As Brian Lavoie points out in his chapter, researchers have generally lacked incentives to store, manage, curate and share their data. This is a key point. The situation does appear to be changing, and reliable data citation is becoming more important. The DataCite service [4] and the use of DOIs (Digital Object Identifiers) [5] are becoming de facto standards for identifying and referencing data. I believe that this is going to become more accepted, and researchers will soon expect datasets to be published and cited using persistent identifiers and links.

I have a bit of a gripe about the tables and diagrams in the book. Table 3.1 giving details of research funders’ data policies is not laid out in a way that makes it easy to compare policy details. The shading in figure 9.3 showing the OAIS and Data Conservancy mapping is not clear, neither was the explanation of the diagram in the text. The reader is referred to nodes depicted as triangles and dots in the diagram demonstrating the conceptual overview of DataOne (Fig. 9.4), but they are too small to be immediately noticeable or useful.

Conclusion

This is an excellent book for anyone, not just information professionals, looking to ‘introduce and familiarize’ (Pryor, in the preface) themselves with a complex and challenging, yet increasingly important topic. The book benefits from a prestigious line-up of knowledgeable authors, including those who are actually ‘doing’ research and research data management. As an edited volume it fits well together as a single entity even though written by a number of individuals: chapters reference other chapters and the reader is not left with a sense of a ‘cobbled-together’ mix of disparate topics from different people. The content can equally well be dipped into, as read from cover to cover.

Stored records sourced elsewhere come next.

(* Let an SSSCG have weakly monotonic cost functions with identical leader and follower costs, $c_{i,\ell}=c_{i,f}=:c_i$ for all $i\in R$. Let $(\sigma_\ell,\nu)$ be an OSE or a PSE in which $\sigma_\ell$ is pure, selecting resource $i^\star$. Then this profile is a pure Nash equilibrium of the (simultaneous) singleton congestion game with players $F\cup\{\ell\}$ and costs $c_i$: i.e., for all $i\ne i^\star$ with $\nu_i>0$ and all $j\ne i$, $c_i(\nu_i+[i=i^\star])\le c_j(\nu_j+[j=i^\star]+1)$, the same holding for $i=i^\star$ with $\nu_{i^\star}>0$, namely $c_{i^\star}(\nu_{i^\star}+1)\le c_j(\nu_j+1)$ for $j\ne i^\star$; and the leader has no profitable unilateral deviation: $c_{i^\star}(\nu_{i^\star}+1)\le c_j(\nu_j+1)$ for all $j\ne i^\star$.
   Context: A symmetric Stackelberg singleton congestion game (SSSCG) consists of a leader $\ell$, a finite set $F$ of followers, a finite set $R$ of resources which every player may select (each player selects exactly one), and cost functions $c_{i,\ell},c_{i,f}:\mathbb N\to\mathbb Q$ ($i\in R$) for the leader and the followers with $c_{i,\ell}(0)=c_{i,f}(0)=0$. The leader commits to a probability distribution $\sigma_\ell$ on $R$ (pure if it puts probability $1$ on one resource). A followers' configuration is $\nu\in\mathbb N^R$ with $\sum_i\nu_i=|F|$. The followers' expected cost of resource $i$ with $x$ followers is $c^{\sigma_\ell}_{i,f}(x)=\sigma_\ell(i)c_{i,f}(x+1)+(1-\sigma_\ell(i))c_{i,f}(x)$; the leader's cost is $c_\ell^{(\sigma_\ell,\nu)}=\sum_{i\in R}\sigma_\ell(i)c_{i,\ell}(\nu_i+1)$. $\nu$ is a Nash equilibrium for $\sigma_\ell$ ($\nu\in E^{\sigma_\ell}$) if for all $i$ with $\nu_i>0$ and all $j\ne i$, $c^{\sigma_\ell}_{i,f}(\nu_i)\le c^{\sigma_\ell}_{j,f}(\nu_j+1)$. An OSE is a pair $(\sigma_\ell,\nu)$ with $\nu\in E^{\sigma_\ell}$ minimizing $c_\ell^{(\sigma_\ell,\nu)}$ over all such pairs. A PSE is a pair $(\sigma_\ell,\nu)$ such that $\sigma_\ell$ attains the minimum over all leader strategies of $\max_{\nu'\in E^{\sigma_\ell}}c_\ell^{(\sigma_\ell,\nu')}$ and $\nu\in E^{\sigma_\ell}$ attains that maximum. $[P]$ denotes $1$ if $P$ holds and $0$ otherwise. Weakly monotonic: $c_i(x)\le c_i(x+1)$ for all $i,x$. *)

theory Defs
  imports Complex_Main
begin

text \<open>Symmetric Stackelberg singleton congestion game: finite resource set R (of type 'r),
  n = |F| followers (only the number of followers matters), leader costs cl and follower
  costs cf, both of type 'r \<Rightarrow> nat \<Rightarrow> rat.\<close>

definition leader_strategy :: "'r set \<Rightarrow> ('r \<Rightarrow> real) \<Rightarrow> bool" where
  "leader_strategy R \<sigma> \<longleftrightarrow>
     (\<forall>i. 0 \<le> \<sigma> i) \<and> (\<forall>i. i \<notin> R \<longrightarrow> \<sigma> i = 0) \<and> (\<Sum>i\<in>R. \<sigma> i) = 1"

definition pure_strategy :: "'r \<Rightarrow> 'r \<Rightarrow> real" where
  "pure_strategy i\<^sub>0 = (\<lambda>i. if i = i\<^sub>0 then 1 else 0)"

definition followers_config :: "'r set \<Rightarrow> nat \<Rightarrow> ('r \<Rightarrow> nat) \<Rightarrow> bool" where
  "followers_config R n \<nu> \<longleftrightarrow> (\<forall>i. i \<notin> R \<longrightarrow> \<nu> i = 0) \<and> (\<Sum>i\<in>R. \<nu> i) = n"

definition exp_follower_cost ::
  "('r \<Rightarrow> nat \<Rightarrow> rat) \<Rightarrow> ('r \<Rightarrow> real) \<Rightarrow> 'r \<Rightarrow> nat \<Rightarrow> real" where
  "exp_follower_cost cf \<sigma> i x =
     \<sigma> i * real_of_rat (cf i (x + 1)) + (1 - \<sigma> i) * real_of_rat (cf i x)"

definition leader_cost ::
  "'r set \<Rightarrow> ('r \<Rightarrow> nat \<Rightarrow> rat) \<Rightarrow> ('r \<Rightarrow> real) \<Rightarrow> ('r \<Rightarrow> nat) \<Rightarrow> real" where
  "leader_cost R cl \<sigma> \<nu> = (\<Sum>i\<in>R. \<sigma> i * real_of_rat (cl i (\<nu> i + 1)))"

text \<open>\<nu> \<in> E^\<sigma>\<close>
definition follower_NE ::
  "'r set \<Rightarrow> nat \<Rightarrow> ('r \<Rightarrow> nat \<Rightarrow> rat) \<Rightarrow> ('r \<Rightarrow> real) \<Rightarrow> ('r \<Rightarrow> nat) \<Rightarrow> bool" where
  "follower_NE R n cf \<sigma> \<nu> \<longleftrightarrow> followers_config R n \<nu> \<and>
     (\<forall>i\<in>R. 0 < \<nu> i \<longrightarrow> (\<forall>j\<in>R. j \<noteq> i \<longrightarrow>
        exp_follower_cost cf \<sigma> i (\<nu> i) \<le> exp_follower_cost cf \<sigma> j (\<nu> j + 1)))"

definition OSE ::
  "'r set \<Rightarrow> nat \<Rightarrow> ('r \<Rightarrow> nat \<Rightarrow> rat) \<Rightarrow> ('r \<Rightarrow> nat \<Rightarrow> rat) \<Rightarrow> ('r \<Rightarrow> real) \<Rightarrow> ('r \<Rightarrow> nat) \<Rightarrow> bool" where
  "OSE R n cl cf \<sigma> \<nu> \<longleftrightarrow> leader_strategy R \<sigma> \<and> follower_NE R n cf \<sigma> \<nu> \<and>
     (\<forall>\<sigma>' \<nu>'. leader_strategy R \<sigma>' \<and> follower_NE R n cf \<sigma>' \<nu>' \<longrightarrow>
        leader_cost R cl \<sigma> \<nu> \<le> leader_cost R cl \<sigma>' \<nu>')"

text \<open>PSE: \<nu> attains max over E^\<sigma> of the leader's cost, and this value is at most
  max over E^\<sigma>' for every leader strategy \<sigma>' (maxima are over finite sets, and E^\<sigma>' is
  nonempty, so "\<le> max" is "\<le> some element").\<close>
definition PSE ::
  "'r set \<Rightarrow> nat \<Rightarrow> ('r \<Rightarrow> nat \<Rightarrow> rat) \<Rightarrow> ('r \<Rightarrow> nat \<Rightarrow> rat) \<Rightarrow> ('r \<Rightarrow> real) \<Rightarrow> ('r \<Rightarrow> nat) \<Rightarrow> bool" where
  "PSE R n cl cf \<sigma> \<nu> \<longleftrightarrow> leader_strategy R \<sigma> \<and> follower_NE R n cf \<sigma> \<nu> \<and>
     (\<forall>\<nu>'. follower_NE R n cf \<sigma> \<nu>' \<longrightarrow> leader_cost R cl \<sigma> \<nu>' \<le> leader_cost R cl \<sigma> \<nu>) \<and>
     (\<forall>\<sigma>'. leader_strategy R \<sigma>' \<longrightarrow>
        (\<exists>\<nu>'. follower_NE R n cf \<sigma>' \<nu>' \<and> leader_cost R cl \<sigma> \<nu> \<le> leader_cost R cl \<sigma>' \<nu>'))"

end

theory Submission
  imports Defs
begin

text \<open>For a pure leader strategy the followers' equilibrium condition is literally the
  congestion-game condition for the followers, so only the leader's deviation needs an argument.
  If the leader switches to \<open>j\<close>, optimality (OSE) or pessimistic optimality (PSE) yields a
  follower equilibrium \<open>\<nu>'\<close> for the pure strategy \<open>j\<close> whose leader cost \<open>c j (\<nu>' j + 1)\<close> is at least
  \<open>c istar (\<nu> istar + 1)\<close>. It remains to see \<open>c j (\<nu>' j + 1) \<le> c j (\<nu> j + 1)\<close>: this is monotonicity
  if \<open>\<nu>' j \<le> \<nu> j\<close>; otherwise some resource \<open>k \<noteq> j\<close> lost followers, and the equilibrium conditions
  of \<open>\<nu>'\<close> at \<open>j\<close> and of \<open>\<nu>\<close> at \<open>k\<close> chain through monotonicity of \<open>c k\<close>.\<close>

lemma exp_follower_cost_pure_strategy:
  "exp_follower_cost c (pure_strategy a) i x = real_of_rat (c i (x + of_bool (i = a)))"
  by (simp add: exp_follower_cost_def pure_strategy_def)

lemma leader_cost_pure_strategy:
  assumes "finite R" "a \<in> R"
  shows "leader_cost R c (pure_strategy a) \<nu> = real_of_rat (c a (\<nu> a + 1))"
proof -
  have "leader_cost R c (pure_strategy a) \<nu> =
      (\<Sum>i\<in>R. if i = a then real_of_rat (c i (\<nu> i + 1)) else 0)"
    unfolding leader_cost_def pure_strategy_def by (rule sum.cong) auto
  with assms show ?thesis by (simp add: sum.delta)
qed

lemma leader_strategy_pure_strategy:
  "finite R \<Longrightarrow> a \<in> R \<Longrightarrow> leader_strategy R (pure_strategy a)"
  by (auto simp: leader_strategy_def pure_strategy_def sum.delta)

lemma leader_strategy_finite_nonempty:
  assumes "leader_strategy R \<sigma>"
  shows "finite R" "R \<noteq> {}"
  using assms by (auto simp: leader_strategy_def intro: ccontr)

lemma leader_strategy_le_one:
  assumes "leader_strategy R \<sigma>"
  shows "\<sigma> i \<le> 1"
proof (cases "i \<in> R")
  case True
  have "\<sigma> i \<le> (\<Sum>k\<in>R. \<sigma> k)"
    using assms True leader_strategy_finite_nonempty(1)[OF assms]
    by (intro member_le_sum) (auto simp: leader_strategy_def)
  then show ?thesis using assms by (simp add: leader_strategy_def)
next
  case False
  then show ?thesis using assms by (simp add: leader_strategy_def)
qed

lemma follower_NE_pure_strategyD:
  assumes "follower_NE R n c (pure_strategy a) \<nu>"
    and "i \<in> R" "0 < \<nu> i" "j \<in> R" "j \<noteq> i"
  shows "c i (\<nu> i + of_bool (i = a)) \<le> c j (\<nu> j + of_bool (j = a) + 1)"
  using assms unfolding follower_NE_def exp_follower_cost_pure_strategy
  by (auto simp: of_rat_less_eq ac_simps)

text \<open>Followers arrive one at a time, each joining a resource of least marginal cost;
  monotonicity keeps the earlier followers content.\<close>

lemma greedy_equilibrium_exists:
  fixes d :: "'r \<Rightarrow> nat \<Rightarrow> real"
  assumes fin: "finite R" and ne: "R \<noteq> {}" and mono: "\<forall>i\<in>R. \<forall>x. d i x \<le> d i (x + 1)"
  shows "\<exists>\<nu>. followers_config R n \<nu> \<and>
     (\<forall>i\<in>R. 0 < \<nu> i \<longrightarrow> (\<forall>k\<in>R. k \<noteq> i \<longrightarrow> d i (\<nu> i) \<le> d k (\<nu> k + 1)))"
proof (induction n)
  case 0
  show ?case by (rule exI[of _ "\<lambda>_. 0"]) (simp add: followers_config_def)
next
  case (Suc n)
  then obtain \<nu> where cfg: "followers_config R n \<nu>"
    and eqm: "\<forall>i\<in>R. 0 < \<nu> i \<longrightarrow> (\<forall>k\<in>R. k \<noteq> i \<longrightarrow> d i (\<nu> i) \<le> d k (\<nu> k + 1))" by blast
  obtain r where r: "r \<in> R" and rmin: "\<forall>k\<in>R. d r (\<nu> r + 1) \<le> d k (\<nu> k + 1)"
    using arg_min_if_finite[OF fin ne, of "\<lambda>k. d k (\<nu> k + 1)"] by (metis not_less)
  define \<nu>' where "\<nu>' = (\<lambda>i. \<nu> i + of_bool (i = r))"
  have "followers_config R (Suc n) \<nu>'"
    using cfg fin r by (auto simp: followers_config_def \<nu>'_def sum.distrib)
  moreover have "d i (\<nu>' i) \<le> d k (\<nu>' k + 1)"
    if i: "i \<in> R" "0 < \<nu>' i" and k: "k \<in> R" "k \<noteq> i" for i k
  proof (cases "i = r")
    case True
    then show ?thesis using rmin k by (simp add: \<nu>'_def)
  next
    case False
    then have "0 < \<nu> i" "d i (\<nu> i) \<le> d k (\<nu> k + 1)"
      using i k eqm by (auto simp: \<nu>'_def)
    moreover have "d k (\<nu> k + 1) \<le> d k (\<nu>' k + 1)"
      using mono k by (auto simp: \<nu>'_def)
    ultimately show ?thesis using False by (simp add: \<nu>'_def)
  qed
  ultimately show ?case by blast
qed

lemma follower_NE_exists:
  assumes \<sigma>: "leader_strategy R \<sigma>" and mono: "\<forall>i\<in>R. \<forall>x. cf i x \<le> cf i (x + 1)"
  shows "\<exists>\<nu>. follower_NE R n cf \<sigma> \<nu>"
proof -
  have "exp_follower_cost cf \<sigma> i x \<le> exp_follower_cost cf \<sigma> i (x + 1)" if "i \<in> R" for i x
  proof -
    have "real_of_rat (cf i x) \<le> real_of_rat (cf i (x + 1))"
      "real_of_rat (cf i (x + 1)) \<le> real_of_rat (cf i (x + 2))"
      using mono that by (auto simp: of_rat_less_eq numeral_2_eq_2)
    moreover have "0 \<le> \<sigma> i"
      using \<sigma> by (simp add: leader_strategy_def)
    moreover have "\<sigma> i \<le> 1"
      by (rule leader_strategy_le_one[OF \<sigma>])
    ultimately show ?thesis
      unfolding exp_follower_cost_def
      by (simp add: add_mono mult_left_mono numeral_2_eq_2)
  qed
  then show ?thesis
    using greedy_equilibrium_exists[OF leader_strategy_finite_nonempty[OF \<sigma>]]
    by (simp add: follower_NE_def)
qed

lemma stackelberg_leader_cost_le:
  assumes "OSE R n cl cf \<sigma> \<nu> \<or> PSE R n cl cf \<sigma> \<nu>"
    and "\<forall>i\<in>R. \<forall>x. cf i x \<le> cf i (x + 1)" and "leader_strategy R \<sigma>'"
  shows "\<exists>\<nu>'. follower_NE R n cf \<sigma>' \<nu>' \<and> leader_cost R cl \<sigma> \<nu> \<le> leader_cost R cl \<sigma>' \<nu>'"
  using assms(1,3) follower_NE_exists[OF assms(3,2), of n] unfolding OSE_def PSE_def by blast

lemma sum_eq_exists_less:
  fixes f g :: "'a \<Rightarrow> nat"
  assumes "finite R" "sum f R = sum g R" "j \<in> R" "f j < g j"
  shows "\<exists>k\<in>R - {j}. g k < f k"
proof (rule ccontr)
  assume "\<not> ?thesis"
  then have "sum f (R - {j}) \<le> sum g (R - {j})" by (auto intro: sum_mono simp: not_less)
  with assms show False by (simp add: sum.remove)
qed

lemma follower_NE_pure_strategy_deviation_le:
  assumes mono: "\<forall>i\<in>R. \<forall>x. c i x \<le> c i (x + 1)" and fin: "finite R"
    and NE: "follower_NE R n c (pure_strategy a) \<nu>"
    and NE': "follower_NE R n c (pure_strategy b) \<nu>'"
    and b: "b \<in> R" "b \<noteq> a"
  shows "c b (\<nu>' b + 1) \<le> c b (\<nu> b + 1)"
proof -
  have mono_on: "mono (c i)" if "i \<in> R" for i
    using mono that by (simp add: mono_iff_le_Suc)
  show ?thesis
  proof (cases "\<nu>' b \<le> \<nu> b")
    case True
    then show ?thesis using mono_on[OF b(1)] by (simp add: monoD)
  next
    case False
    have "sum \<nu> R = sum \<nu>' R"
      using NE NE' by (simp add: follower_NE_def followers_config_def)
    then obtain k where k: "k \<in> R" "k \<noteq> b" "\<nu>' k < \<nu> k"
      using sum_eq_exists_less[OF fin _ b(1), of \<nu> \<nu>'] False by auto
    have "c b (\<nu>' b + 1) \<le> c k (\<nu>' k + 1)"
      using follower_NE_pure_strategyD[OF NE' b(1) _ k(1,2)] False k(2) by simp
    also have "\<dots> \<le> c k (\<nu> k + of_bool (k = a))"
      using mono_on[OF k(1)] k(3) by (simp add: monoD)
    also have "\<dots> \<le> c b (\<nu> b + 1)"
      using follower_NE_pure_strategyD[OF NE k(1) _ b(1)] k b by simp
    finally show ?thesis .
  qed
qed

theorem theorem10:
  fixes R :: "'r set" and n :: nat and c :: "'r \<Rightarrow> nat \<Rightarrow> rat"
    and \<sigma> :: "'r \<Rightarrow> real" and \<nu> :: "'r \<Rightarrow> nat" and istar :: 'r
  assumes finR: "finite R"
    and zero: "\<forall>i\<in>R. c i 0 = 0"
    and mono: "\<forall>i\<in>R. \<forall>x. c i x \<le> c i (x + 1)"
    and eq: "OSE R n c c \<sigma> \<nu> \<or> PSE R n c c \<sigma> \<nu>"
    and istar: "istar \<in> R"
    and pure: "\<sigma> = pure_strategy istar"
  shows "(\<forall>i\<in>R. i \<noteq> istar \<and> 0 < \<nu> i \<longrightarrow> (\<forall>j\<in>R. j \<noteq> i \<longrightarrow>
            c i (\<nu> i + of_bool (i = istar)) \<le> c j (\<nu> j + of_bool (j = istar) + 1)))
       \<and> (0 < \<nu> istar \<longrightarrow> (\<forall>j\<in>R. j \<noteq> istar \<longrightarrow> c istar (\<nu> istar + 1) \<le> c j (\<nu> j + 1)))
       \<and> (\<forall>j\<in>R. j \<noteq> istar \<longrightarrow> c istar (\<nu> istar + 1) \<le> c j (\<nu> j + 1))"
proof -
  have NE: "follower_NE R n c (pure_strategy istar) \<nu>"
    using eq pure by (auto simp: OSE_def PSE_def)
  have leader: "c istar (\<nu> istar + 1) \<le> c j (\<nu> j + 1)" if j: "j \<in> R" "j \<noteq> istar" for j
  proof -
    obtain \<nu>' where NE': "follower_NE R n c (pure_strategy j) \<nu>'"
      and le: "leader_cost R c \<sigma> \<nu> \<le> leader_cost R c (pure_strategy j) \<nu>'"
      using stackelberg_leader_cost_le[OF eq mono leader_strategy_pure_strategy[OF finR j(1)]]
      by blast
    have "c istar (\<nu> istar + 1) \<le> c j (\<nu>' j + 1)"
      using le by (simp add: pure leader_cost_pure_strategy finR istar j of_rat_less_eq)
    also have "\<dots> \<le> c j (\<nu> j + 1)"
      using follower_NE_pure_strategy_deviation_le[OF mono finR NE NE' j] .
    finally show ?thesis .
  qed
  show ?thesis
    using follower_NE_pure_strategyD[OF NE] istar leader by fastforce
qed

end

There is always a danger with this type of book that the environment will have moved on since writing and publication, and indeed it has, with a fresh batch of JISC RDM [6] projects underway and significant reports being published. There are also emerging social network services such as collaboration tools like Colwiz [7] and Mendeley [8], sharing tools like Figshare [9], as well as blogs and wikis that are being increasingly used by researchers and which will have an impact on the research data management environment. However, I expect this book will remain a valuable resource for those working or intending to work in the field for some while yet.

List of Chapters

1. Why manage research data? - Graham Pryor
2. The lifecycle of data management - Sarah Higgins
3. Research data policies: principles, requirements and trends - Sarah Jones
4. Sustainable research data - Brian F. Lavoie
5. Data management plans and planning - Martin Donnelly
6. Roles and responsibilities – libraries, librarians and data - Sheila Corrall
7. Research data management: opportunities and challenges for HEIs - Rob Procter, Peter
    Halfpenny and Alex Voss
8. The national data centres - Ellen Collins
9. Contrasting national research data strategies: Australia and the USA - Andrew Treloar, William
    Michener and G Sayeed Choudhury
10. Emerging infrastructure and services for research data management and curation in the UK
      and Europe - Angus Whyte

References

BBC News, 'Show Your Working': What 'ClimateGate' means. 1 December 2009
http://news.bbc.co.uk/1/hi/8388485.stm
BBC News, University told to hand over tree ring data. 19 April 2010.
http://news.bbc.co.uk/1/hi/northern_ireland/8623417.stm
DCC (Digital Curation Centre) http://www.dcc.ac.uk/
DataCite http://datacite.org/
DOI (Digital Object Identifiers) system http://www.doi.org/
JISC RDM http://www.jisc.ac.uk/whatwedo/programmes/mrd.aspx
Colwiz, Collective Wisdom http://www.colwiz.com/
Mendeley http://www.mendeley.com/
Figshare http://figshare.com/

Author Details

Sally Rumsey
The Bodleian Libraries
University of Oxford

Email: sally.rumsey@bodleian.ox.ac.uk
Web site: http://www.bodleian.ox.ac.uk/

Sally Rumsey is Digital Collections Development Manager at the Bodleian Libraries, University of Oxford. She manages the Oxford University Research Archive (ORA) publications repository, and is involved in developing and implementing services to support Oxford’s emerging research data management infrastructure.